Take the line holding "(Re p * Im1" as the first line of the answer and the last line of the listing as its end; retype everything between exactly.

*** Begin section ***

(* Every transformation $q\mapsto(aq+b)(cq+d)^{-1}$ induced by an invertible matrix $\begin{pmatrix}a&b\\c&d\end{pmatrix}$ with entries in the Hurwitz integers which satisfies the (BG) conditions belongs to the Hurwitz quaternionic modular group $PSL(2,\mathfrak H)$.
   Context: The Hurwitz integers are $\{a+b\mathbf i+c\mathbf j+d\mathbf k: a,b,c,d\in\mathbb Z\text{ or }a,b,c,d\in\mathbb Z+\tfrac12\}$. A quaternionic matrix $A$ satisfies the (BG) conditions if $\bar A^tKA=K$, $K=\begin{pmatrix}0&1\\1&0\end{pmatrix}$, equivalently $\Re(a\bar c)=0$, $\Re(b\bar d)=0$, $\bar bc+\bar da=1$. $PSL(2,\mathfrak H)$ is the group generated by $T(q)=q^{-1}$, the translations $q\mapsto q+\omega$ with $\omega\in\{b\mathbf i+c\mathbf j+d\mathbf k:b,c,d\in\mathbb Z\}$, and the maps $q\mapsto uqu^{-1}$ where $u$ ranges over the 24 Hurwitz units $\pm1,\pm\mathbf i,\pm\mathbf j,\pm\mathbf k,\frac12(\pm1\pm\mathbf i\pm\mathbf j\pm\mathbf k)$. *)

theory Defs
  imports Main "HOL.Real"
begin

datatype quat = Quat (Re: real) (Im1: real) (Im2: real) (Im3: real)

instantiation quat :: "{zero, one, plus, minus, uminus, times, inverse}"
begin
definition "0 = Quat 0 0 0 0"
definition "1 = Quat 1 0 0 0"
definition "p + q = Quat (Re p + Re q) (Im1 p + Im1 q) (Im2 p + Im2 q) (Im3 p + Im3 q)"
definition "p - q = Quat (Re p - Re q) (Im1 p - Im1 q) (Im2 p - Im2 q) (Im3 p - Im3 q)"
definition "- q = Quat (- Re q) (- Im1 q) (- Im2 q) (- Im3 q)"
definition "p * q = Quat
   (Re p * Re q - Im1 p * Im1 q - Im2 p * Im2 q - Im3 p * Im3 q)
   (Re p * Im1 q + Im1 p * Re q + Im2 p * Im3 q - Im3 p * Im2 q)
   (Re p * Im2 q - Im1 p * Im3 q + Im2 p * Re q + Im3 p * Im1 q)
   (Re p * Im3 q + Im1 p * Im2 q - Im2 p * Im1 q + Im3 p * Re q)"
definition "inverse q = (let n = (Re q)^2 + (Im1 q)^2 + (Im2 q)^2 + (Im3 q)^2 in
   Quat (Re q / n) (- Im1 q / n) (- Im2 q / n) (- Im3 q / n))"
definition "p div (q::quat) = p * inverse q"
instance ..
end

*** End section ***

Answer area:
   (Re p * Im1 q + Im1 p * Re q + Im2 p * Im3 q - Im3 p * Im2 q)
   (Re p * Im2 q - Im1 p * Im3 q + Im2 p * Re q + Im3 p * Im1 q)
   (Re p * Im3 q + Im1 p * Im2 q - Im2 p * Im1 q + Im3 p * Re q)"
definition "inverse q = (let n = (Re q)^2 + (Im1 q)^2 + (Im2 q)^2 + (Im3 q)^2 in
   Quat (Re q / n) (- Im1 q / n) (- Im2 q / n) (- Im3 q / n))"
definition "p div (q::quat) = p * inverse q"
instance ..
end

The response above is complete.